** What to work on **
In the data that follows, find each line containing "this" and copy it.

** Extracted data **
(* Let $X$ be an infinite discrete space and $G$ a subgroup of the permutation group $\mathrm S(X)$ with the permutation topology $\tau_\partial$. The following conditions are equivalent: (1) the maximal equiuniformity $\mathcal U_X$ on $X$ (for the action $G\curvearrowright X$) is totally bounded; (2) the action of $G$ on $X$ is oligomorphic; (3) for every $n\in\mathbb N$ the maximal equiuniformity $\mathcal U_{X^n}$ on $X^n$ for the diagonal action $G\curvearrowright X^n$ is totally bounded. If one of the equivalent conditions (1)–(3) holds, then $G$ is Roelcke precompact.
   Context: $\tau_\partial$: the group topology on $G$ with neighbourhood base of the identity the pointwise stabilizers $\mathrm{St}_F=\{g\in G\mid g(x)=x\ \forall x\in F\}$, $F\subset X$ finite. For a discrete set $Y$ on which $G$ acts (here $Y=X$ or $Y=X^n$ with $g(y_1,\dots,y_n)=(gy_1,\dots,gy_n)$), the maximal equiuniformity $\mathcal U_Y$ has as base the partitions $\{\mathrm{St}_F\,y\mid y\in Y\}$ of $Y$ into orbits of $\mathrm{St}_F$, where $F$ ranges over finite subsets of $Y$ and $\mathrm{St}_F$ is the pointwise stabilizer of $F$ in $G$. The action is oligomorphic if for every $n\in\mathbb N$ the diagonal action $G\curvearrowright X^n$ has finitely many orbits. $G$ is Roelcke precompact if its Roelcke uniformity (greatest lower bound of left and right uniformities, base $\{UgU\mid g\in G\}$) is totally bounded. *)

theory Defs
  imports "HOL-Combinatorics.Permutations"
begin

definition perm_subgroup :: "('a \<Rightarrow> 'a) set \<Rightarrow> 'a set \<Rightarrow> bool" where
  "perm_subgroup G X \<longleftrightarrow> (\<forall>g\<in>G. g permutes X) \<and> id \<in> G \<and>
     (\<forall>g\<in>G. \<forall>h\<in>G. g \<circ> h \<in> G) \<and> (\<forall>g\<in>G. inv g \<in> G)"

definition stab :: "('a \<Rightarrow> 'a) set \<Rightarrow> (('a \<Rightarrow> 'a) \<Rightarrow> 'b \<Rightarrow> 'b) \<Rightarrow> 'b set \<Rightarrow> ('a \<Rightarrow> 'a) set" where
  "stab G act F = {g \<in> G. \<forall>y\<in>F. act g y = y}"

definition orbit_entourage :: "('a \<Rightarrow> 'a) set \<Rightarrow> (('a \<Rightarrow> 'a) \<Rightarrow> 'b \<Rightarrow> 'b) \<Rightarrow> 'b set \<Rightarrow> 'b set \<Rightarrow> ('b \<times> 'b) set" where
  "orbit_entourage G act Y F = {(y, act g y) | y g. y \<in> Y \<and> g \<in> stab G act F}"

text \<open>Maximal equiuniformity U_Y (set of entourages), base: St_F-orbit partitions, F finite subset of Y.\<close>
definition max_equiuniformity :: "('a \<Rightarrow> 'a) set \<Rightarrow> (('a \<Rightarrow> 'a) \<Rightarrow> 'b \<Rightarrow> 'b) \<Rightarrow> 'b set \<Rightarrow> ('b \<times> 'b) set set" where
  "max_equiuniformity G act Y =
     {W. W \<subseteq> Y \<times> Y \<and> (\<exists>F. finite F \<and> F \<subseteq> Y \<and> orbit_entourage G act Y F \<subseteq> W)}"

definition totally_bounded_unif :: "'b set \<Rightarrow> ('b \<times> 'b) set set \<Rightarrow> bool" where
  "totally_bounded_unif Y U \<longleftrightarrow>
     (\<forall>W\<in>U. \<exists>A. finite A \<and> A \<subseteq> Y \<and> Y \<subseteq> (\<Union>a\<in>A. {y. (a, y) \<in> W}))"

text \<open>X^n as lists of length n with entries in X; diagonal action is map.\<close>
definition tuples :: "'a set \<Rightarrow> nat \<Rightarrow> 'a list set" where
  "tuples X n = {xs. length xs = n \<and> set xs \<subseteq> X}"

definition oligomorphic :: "('a \<Rightarrow> 'a) set \<Rightarrow> 'a set \<Rightarrow> bool" where
  "oligomorphic G X \<longleftrightarrow>
     (\<forall>n::nat. finite {{map g xs | g. g \<in> G} | xs. xs \<in> tuples X n})"

definition perm_nhds_id :: "('a \<Rightarrow> 'a) set \<Rightarrow> 'a set \<Rightarrow> ('a \<Rightarrow> 'a) set set" where
  "perm_nhds_id G X = {V. V \<subseteq> G \<and> (\<exists>F. finite F \<and> F \<subseteq> X \<and> stab G (\<lambda>g x. g x) F \<subseteq> V)}"

definition roelcke_uniformity :: "('a \<Rightarrow> 'a) set \<Rightarrow> 'a set \<Rightarrow> (('a \<Rightarrow> 'a) \<times> ('a \<Rightarrow> 'a)) set set" where
  "roelcke_uniformity G X =
     {W. W \<subseteq> G \<times> G \<and> (\<exists>V\<in>perm_nhds_id G X.
          {(g, h). g \<in> G \<and> h \<in> {u \<circ> g \<circ> v | u v. u \<in> V \<and> v \<in> V}} \<subseteq> W)}"

definition roelcke_precompact :: "('a \<Rightarrow> 'a) set \<Rightarrow> 'a set \<Rightarrow> bool" where
  "roelcke_precompact G X \<longleftrightarrow> totally_bounded_unif G (roelcke_uniformity G X)"

end

theory Submission
  imports Defs
begin

(* The base entourages of the maximal equiuniformity on Y are the partitions of Y into orbits
   of pointwise stabilisers St_F, F finite, so total boundedness says exactly that every such
   St_F has finitely many orbits on Y. For Y = X^n and F empty this is oligomorphy. Conversely,
   the St_F-orbits on X^n correspond to the G-orbits on X^(n+|F|) of tuples ending in a fixed
   enumeration of F, so oligomorphy is inherited by the St_F; and the G-orbits on X^(n+1) are
   built from an orbit representative b on X^n together with the finitely many St_b-orbits on X.
   Finally, finitely many St_F-orbits on X^|F| give finitely many double cosets St_F g St_F,
   which is Roelcke precompactness. *)

lemma perm_subgroup_permutes: "perm_subgroup G X \<Longrightarrow> g \<in> G \<Longrightarrow> g permutes X"
  by (simp add: perm_subgroup_def)

lemma perm_subgroup_id: "perm_subgroup G X \<Longrightarrow> id \<in> G"
  by (simp add: perm_subgroup_def)

lemma perm_subgroup_comp: "perm_subgroup G X \<Longrightarrow> g \<in> G \<Longrightarrow> h \<in> G \<Longrightarrow> g \<circ> h \<in> G"
  by (simp add: perm_subgroup_def)

lemma perm_subgroup_inv: "perm_subgroup G X \<Longrightarrow> g \<in> G \<Longrightarrow> inv g \<in> G"
  by (simp add: perm_subgroup_def)

lemma perm_subgroup_inv_apply: "perm_subgroup G X \<Longrightarrow> g \<in> G \<Longrightarrow> inv g (g x) = x"
  by (metis perm_subgroup_permutes permutes_inverses(2))

lemma perm_subgroup_apply_inv: "perm_subgroup G X \<Longrightarrow> g \<in> G \<Longrightarrow> g (inv g x) = x"
  by (metis perm_subgroup_permutes permutes_inverses(1))

lemma perm_subgroup_apply_in_iff: "perm_subgroup G X \<Longrightarrow> g \<in> G \<Longrightarrow> g x \<in> X \<longleftrightarrow> x \<in> X"
  by (metis perm_subgroup_permutes permutes_in_image)

lemma map_in_tuples:
  "perm_subgroup G X \<Longrightarrow> g \<in> G \<Longrightarrow> xs \<in> tuples X n \<Longrightarrow> map g xs \<in> tuples X n"
  unfolding tuples_def using perm_subgroup_apply_in_iff by fastforce

lemma map_eq_self_iff: "map g xs = xs \<longleftrightarrow> (\<forall>x\<in>set xs. g x = x)"
  by (metis list.map_id map_eq_conv id_apply)

lemma stab_empty: "stab G act {} = G"
  by (simp add: stab_def)

lemma stab_map: "stab G map F = stab G (\<lambda>g x. g x) (\<Union>(set ` F))"
  unfolding stab_def map_eq_self_iff by blast

lemma stab_factor_if_agree:
  assumes G: "perm_subgroup G X" and h: "h \<in> G" and k: "k \<in> G"
    and agree: "\<And>x. x \<in> F \<Longrightarrow> h x = k x"
  shows "\<exists>v\<in>stab G (\<lambda>g x. g x) F. h = k \<circ> v"
proof (rule bexI[of _ "inv k \<circ> h"])
  show "h = k \<circ> (inv k \<circ> h)"
    by (simp add: fun_eq_iff perm_subgroup_apply_inv[OF G k])
  show "inv k \<circ> h \<in> stab G (\<lambda>g x. g x) F"
    unfolding stab_def using agree perm_subgroup_inv_apply[OF G k]
      perm_subgroup_comp[OF G perm_subgroup_inv[OF G k] h] by simp
qed

lemma perm_subgroup_stab:
  assumes G: "perm_subgroup G X"
  shows "perm_subgroup (stab G (\<lambda>g x. g x) F) X"
proof -
  have "inv g x = x" if "g \<in> G" "g x = x" for g x
    using perm_subgroup_inv_apply[OF G that(1), of x] that(2) by simp
  then show ?thesis
    using G unfolding perm_subgroup_def stab_def by auto
qed

definition act_orbit :: "('a \<Rightarrow> 'a) set \<Rightarrow> (('a \<Rightarrow> 'a) \<Rightarrow> 'b \<Rightarrow> 'b) \<Rightarrow> 'b \<Rightarrow> 'b set" where
  "act_orbit H act y = {act g y | g. g \<in> H}"

(* For a group this is the same as having finitely many orbits (finite_act_orbits_map_iff);
   the cover form is the one in which total boundedness is phrased. *)
definition finite_orbit_cover :: "('a \<Rightarrow> 'a) set \<Rightarrow> (('a \<Rightarrow> 'a) \<Rightarrow> 'b \<Rightarrow> 'b) \<Rightarrow> 'b set \<Rightarrow> bool" where
  "finite_orbit_cover H act Y \<longleftrightarrow> (\<exists>A. finite A \<and> A \<subseteq> Y \<and> Y \<subseteq> (\<Union>a\<in>A. act_orbit H act a))"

** Task solution **
   St_F has finitely many orbits on Y. For Y = X^n and F empty this is oligomorphy. Conversely,
(* For a group this is the same as having finitely many orbits (finite_act_orbits_map_iff);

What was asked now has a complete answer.